During a legislative speech in 2001, Bradley described Herzog as a "top-notch person" and a moderate Conservative in the Bill Davis model. He also argued that she would have opposed the education policies of the Mike Harris Progressive Conservative government.

==Toomas Ounapuu (York South)==

Ounapuu was born in Sweden to an Estonian family, and moved to Canada in 1950. He was an Assistant Crown Attorney in York, Ontario during the 1970s, and was appointed by provincial Attorney General Roy McMurtry to shut down the unlicensed body-rub parlours on Yonge Street in 1977. He was successful, saying that "there wasn't a bawdy house left" when he finished his work. Ounapuu took a two-year leave of absence to work as a prosecutor in Hamilton, Bermuda in 1978, and became a criminal lawyer following his return to Canada. He has participated in several notable cases, and as of 2006 is representing former Toronto City Councillor Steve Ellis against high-profiles charges of misconduct.
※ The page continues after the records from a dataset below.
lemma finite_events: "finite (events t)"
proof -
  have "{(u, v). E u v} \<subseteq> V \<times> V" using edge_in_V by auto
  hence "finite {(u, v). E u v}"
    using finite_V by (meson finite_SigmaI finite_subset)
  thus ?thesis using finite_V by (simp add: events_def)
qed

lemma finite_support: "finite (support t x)"
  using finite_nbrs by (auto simp: support_def split: sum.split prod.split)

lemma depends_only_bad_event: "depends_only (coords t) (support t x) (bad_event t rd rt x)"
proof (cases x)
  case (Inl a)
  then obtain v i where x: "x = Inl (v, i)" by (cases a) auto
  have same: "cut_degree f i v = cut_degree g i v" if "\<forall>k\<in>support t x. f k = g k" for f g
    unfolding cut_degree_def using that
    by (intro arg_cong[where f=card] Collect_cong) (auto simp: x support_def side_def)
  show ?thesis
    unfolding depends_only_def
  proof (intro ballI impI)
    fix f g :: "nat \<times> nat \<Rightarrow> bool" assume "\<forall>k\<in>support t x. f k = g k"
    thus "f \<in> bad_event t rd rt x \<longleftrightarrow> g \<in> bad_event t rd rt x"
      using same[of f g] by (simp add: bad_event_def x)
  qed
next
  case (Inr a)
  then obtain u v where x: "x = Inr (u, v)" by (cases a) auto
  have same: "cut_multiplicity t f u v = cut_multiplicity t g u v" if "\<forall>k\<in>support t x. f k = g k" for f g
    unfolding cut_multiplicity_def using that
    by (intro arg_cong[where f=card] Collect_cong) (auto simp: x support_def side_def)
  show ?thesis
    unfolding depends_only_def
  proof (intro ballI impI)
    fix f g :: "nat \<times> nat \<Rightarrow> bool" assume "\<forall>k\<in>support t x. f k = g k"
    thus "f \<in> bad_event t rd rt x \<longleftrightarrow> g \<in> bad_event t rd rt x"
      using same[of f g] by (simp add: bad_event_def x)
  qed
qed

lemma events_at_subset:
  fixes r i t :: nat
  defines "F \<equiv> {w \<in> V. rep w = r}"
  shows "{z \<in> events t. (r, i) \<in> support t z}
    \<subseteq> Inl ` ((F \<union> (\<Union>w\<in>F. nbrs w)) \<times> {i}) \<union> Inr ` ((\<Union>w\<in>F. {w} \<times> nbrs w) \<union> (\<Union>w\<in>F. nbrs w \<times> {w}))"
proof
  fix z assume z: "z \<in> {z \<in> events t. (r, i) \<in> support t z}"
  show "z \<in> Inl ` ((F \<union> (\<Union>w\<in>F. nbrs w)) \<times> {i}) \<union> Inr ` ((\<Union>w\<in>F. {w} \<times> nbrs w) \<union> (\<Union>w\<in>F. nbrs w \<times> {w}))"
  proof (cases z)
    case (Inl a)
    then obtain v j where zz: "z = Inl (v, j)" by (cases a) auto
    with z have "v \<in> V" by (auto simp: events_def)
    from z obtain w where w: "w \<in> insert v (nbrs v)" "rep w = r" "j = i"
      by (auto simp: zz support_def)
    have "v \<in> F \<or> (w \<in> F \<and> v \<in> nbrs w)"
      using w \<open>v \<in> V\<close> edge_sym by (auto simp: F_def nbrs_def)
    thus ?thesis using zz w by auto
  next
    case (Inr a)
    then obtain u v where zz: "z = Inr (u, v)" by (cases a) auto
    with z have "E u v" by (auto simp: events_def)
    moreover have "rep u = r \<or> rep v = r"
      using z by (auto simp: zz support_def)
    ultimately show ?thesis
      using edge_in_V[OF \<open>E u v\<close>] edge_sym zz by (auto simp: F_def nbrs_def)
  qed
qed
lemma cd_expand_sum_eq_0_imp_eq_0:
  fixes P :: "cd list \<Rightarrow> int"
  assumes "\<And>u. length u = n \<Longrightarrow> (\<Sum>w | cd_deg w = n. P w * cd_expand w u) = 0"
    and "cd_deg w = n"
  shows "P w = 0"
  using assms
proof (induction n arbitrary: P w rule: less_induct)
  case (less n)
  consider "n = 0" | "n = 1" | k where "n = Suc (Suc k)" by (metis One_nat_def not0_implies_Suc)
  then show ?case
  proof cases
    case 1
    then show ?thesis using less.prems by (simp add: sum_cd_deg_Suc_Suc)
  next
    case 2
    then have "{w. cd_deg w = n} = {[C]}" by (auto simp: cd_deg_eq_Suc_iff)
    moreover from this have "w = [C]" using less.prems(2) by blast
    ultimately show ?thesis using less.prems(1)[of "[False]"] 2 by simp
  next
    case 3
    have split: "(\<Sum>w | cd_deg w = n. P w * cd_expand w (a # b # u)) =
        (\<Sum>v | cd_deg v = Suc k. P (C # v) * cd_expand v (b # u))
        + (\<Sum>v | cd_deg v = k. P (D # v) * (if a \<noteq> b then cd_expand v u else 0))" for a b u
      unfolding 3 sum_cd_deg_Suc_Suc by simp
    \<comment> \<open>at \<open>aau\<close> only monomials starting with \<open>c\<close> contribute, at \<open>bau\<close> also those with \<open>d\<close>\<close>
    have D_part: "P (D # v) = 0" if "cd_deg v = k" for v
    proof (rule less.IH[of k, OF _ _ that])
      fix u :: "bool list" assume "length u = k"
      then show "(\<Sum>v | cd_deg v = k. P (D # v) * cd_expand v u) = 0"
        using less.prems(1)[of "False # False # u"] less.prems(1)[of "True # False # u"]
          split[of False False u] split[of True False u] 3
        by simp
    qed (use 3 in simp)
    have C_part: "P (C # v) = 0" if "cd_deg v = Suc k" for v
    proof (rule less.IH[of "Suc k", OF _ _ that])
      fix u :: "bool list" assume u: "length u = Suc k"
      then obtain b u' where u: "u = b # u'" by (cases u) auto
      have "(\<Sum>v | cd_deg v = k. P (D # v) * (if False \<noteq> b then cd_expand v u' else 0)) = 0"
        using D_part by (intro sum.neutral) auto
      then show "(\<Sum>v | cd_deg v = Suc k. P (C # v) * cd_expand v u) = 0"
        using less.prems(1)[of "False # b # u'"] split[of False b u'] \<open>length u = Suc k\<close> u 3 by simp
    qed (use 3 in simp)
    show ?thesis
      using less.prems(2) 3 C_part D_part by (auto simp: cd_deg_eq_Suc_iff)
  qed
qed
Ounapuu ran for the Toronto Board of Education in 1982, and was defeated. He was 38 years old in 1985.

Electoral record
| Election | Division | Party | Votes | % | Place | Winner |
|---|---|---|---|---|---|---|
| 1982 municipal | Toronto Board of Education, Ward Two | n/a | 1,870 |  | 4/5 | Sheila Meagher and Beare Weatherup |
| 1985 provincial | York South | Progressive Conservative | 5,321 | 17.56 | 3/6 | Bob Rae, New Democratic Party |

The 1982 municipal result is taken from the Toronto Star, 9 November 1982, B4, with 138 of 140 polls reporting.